━━ Data for review ━━

lemma B_set_I6_top: "B_set (4 * l + 1) (I6 l) (4 * l + 1) = (\<lambda>k. 2 * k) ` {1..2 * l}"
proof -
  have "c \<in> B_set (4 * l + 1) (I6 l) (4 * l + 1) \<longleftrightarrow> c \<in> (\<lambda>k. 2 * k) ` {1..2 * l}" for c
  proof
    assume "c \<in> B_set (4 * l + 1) (I6 l) (4 * l + 1)"
    then have "c \<in> {1..4 * l + 1}" "c \<noteq> 4 * l + 1" "\<not> (odd c \<and> c < 4 * l)"
      unfolding B_set_def I6_top by auto
    then have "c \<in> {1..4 * l}" "even c" unfolding atLeastAtMost_iff by presburger+
    then show "c \<in> (\<lambda>k. 2 * k) ` {1..2 * l}" by (auto intro!: image_eqI[of _ _ "c div 2"])
  qed (unfold B_set_def I6_top, auto, presburger)
  then show ?thesis by blast
qed

lemma B_set_I6_odd_not_top:
  assumes "odd i" "i \<in> {1..4 * l + 1}" "i \<noteq> 4 * l + 1"
  shows "B_set (4 * l + 1) (I6 l) i = row_rep l i ` {1..2 * l}"
proof -
  have A: "I6 l i = {y. even y \<and> 0 < y \<and> y \<le> 4 * l \<and> y \<noteq> i + 1} \<union> {4 * l + 1}"
    using I6_odd[OF assms(1,3)] .
  have "c \<in> B_set (4 * l + 1) (I6 l) i \<longleftrightarrow> c \<in> row_rep l i ` {1..2 * l}" for c
  proof
    assume "c \<in> B_set (4 * l + 1) (I6 l) i"
    then have c: "c \<in> {1..4 * l}" "odd c \<or> c = i + 1" "c \<noteq> i"
      unfolding B_set_def A by auto
    have "c = row_rep l i ((c + 1) div 2)" "(c + 1) div 2 \<in> {1..2 * l}" if "odd c"
      using that c assms(3) unfolding row_rep_def by auto presburger+
    moreover have "c = row_rep l i ((i + 1) div 2)" "(i + 1) div 2 \<in> {1..2 * l}" if "even c"
      using that c assms unfolding row_rep_def by auto
    ultimately show "c \<in> row_rep l i ` {1..2 * l}" by blast
  next
    assume "c \<in> row_rep l i ` {1..2 * l}"
    then obtain k where "k \<in> {1..2 * l}" "c = row_rep l i k" by blast
    then show "c \<in> B_set (4 * l + 1) (I6 l) i"
      using assms unfolding B_set_def A row_rep_def by auto
  qed
  then show ?thesis by blast
qed

lemma B_set_I6_odd:
  assumes "odd i" "i \<in> {1..4 * l + 1}"
  shows "B_set (4 * l + 1) (I6 l) i = row_rep l i ` {1..2 * l}"
proof (cases "i = 4 * l + 1")
  case True
  then show ?thesis unfolding True B_set_I6_top by (auto simp: row_rep_def)
qed (rule B_set_I6_odd_not_top[OF assms])

lemma row_rep_mem_pair_row: "row_rep l i k \<in> pair_row k"
  by (simp add: row_rep_def pair_row_def)

lemma inj_on_row_rep: "inj_on (row_rep l i) {1..2 * l}"
proof (rule inj_onI)
  fix k k' assume "k \<in> {1..2 * l}" "k' \<in> {1..2 * l}" "row_rep l i k = row_rep l i k'"
  then show "k = k'" unfolding row_rep_def by (auto split: if_splits)
qed

lemma card_B_set_I6_odd:
  assumes "odd i" "i \<in> {1..4 * l + 1}"
  shows "card (B_set (4 * l + 1) (I6 l) i) \<le> 2 * l"
  unfolding B_set_I6_odd[OF assms] using card_image_le[of "{1..2 * l}" "row_rep l i"] by simp

lemma length_le_mcm_B_set_I6_odd:
  assumes "odd i" "i \<in> {1..4 * l + 1}" "distinct ks" "set ks \<subseteq> {1..2 * l}"
  shows "length ks \<le> mcm (map pair_row ks @ X) (B_set (4 * l + 1) (I6 l) i)"
proof (rule length_le_mcm_transversal[OF assms(3,4) inj_on_row_rep])
  show "row_rep l i k \<in> B_set (4 * l + 1) (I6 l) i \<inter> pair_row k" if "k \<in> {1..2 * l}" for k
    using that row_rep_mem_pair_row unfolding B_set_I6_odd[OF assms(1,2)] by simp
qed simp

lemma not_decodable_before_odd_pick:
  assumes "distinct ks" "set ks \<subseteq> {1..2 * l}" "i \<in> {1..4 * l + 1}" "i \<notin> (\<lambda>k. 2 * k) ` set ks"
  shows "\<not> decodable (4 * l + 1) (I6 l) (map pair_row ks) i"
proof (cases "even i")
  case True
  have "i \<notin> map pair_row ks ! r" if "r < length (map pair_row ks)" for r
  proof
    assume "i \<in> map pair_row ks ! r"
    then have "i = 2 * ks ! r - 1 \<or> i = 2 * ks ! r" using that by (simp add: pair_row_def)
    moreover have "ks ! r \<in> set ks" "1 \<le> ks ! r" using that assms(2) nth_mem by fastforce+
    ultimately show False using True assms(4) by (auto; presburger)
  qed
  then have "mcm (map pair_row ks) (insert i (B_set (4 * l + 1) (I6 l) i))
      = mcm (map pair_row ks) (B_set (4 * l + 1) (I6 l) i)"
    by (rule mcm_insert_unused_column)
  then show ?thesis by (simp add: decodable_def)
next
  case False
  have "length ks \<le> mcm (map pair_row ks @ []) (B_set (4 * l + 1) (I6 l) i)"
    by (rule length_le_mcm_B_set_I6_odd[OF False assms(3,1,2)])
  moreover have "mcm (map pair_row ks) ({i} \<union> B_set (4 * l + 1) (I6 l) i) \<le> length ks"
    using mcm_le_length[of "{i} \<union> B_set (4 * l + 1) (I6 l) i" "map pair_row ks"] by simp
  ultimately show ?thesis by (simp add: decodable_def)
qed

━━━

_Activity_.
Only the number should be given: how many lines in the entries above contain the string "noteq"?

_Answer space_.
4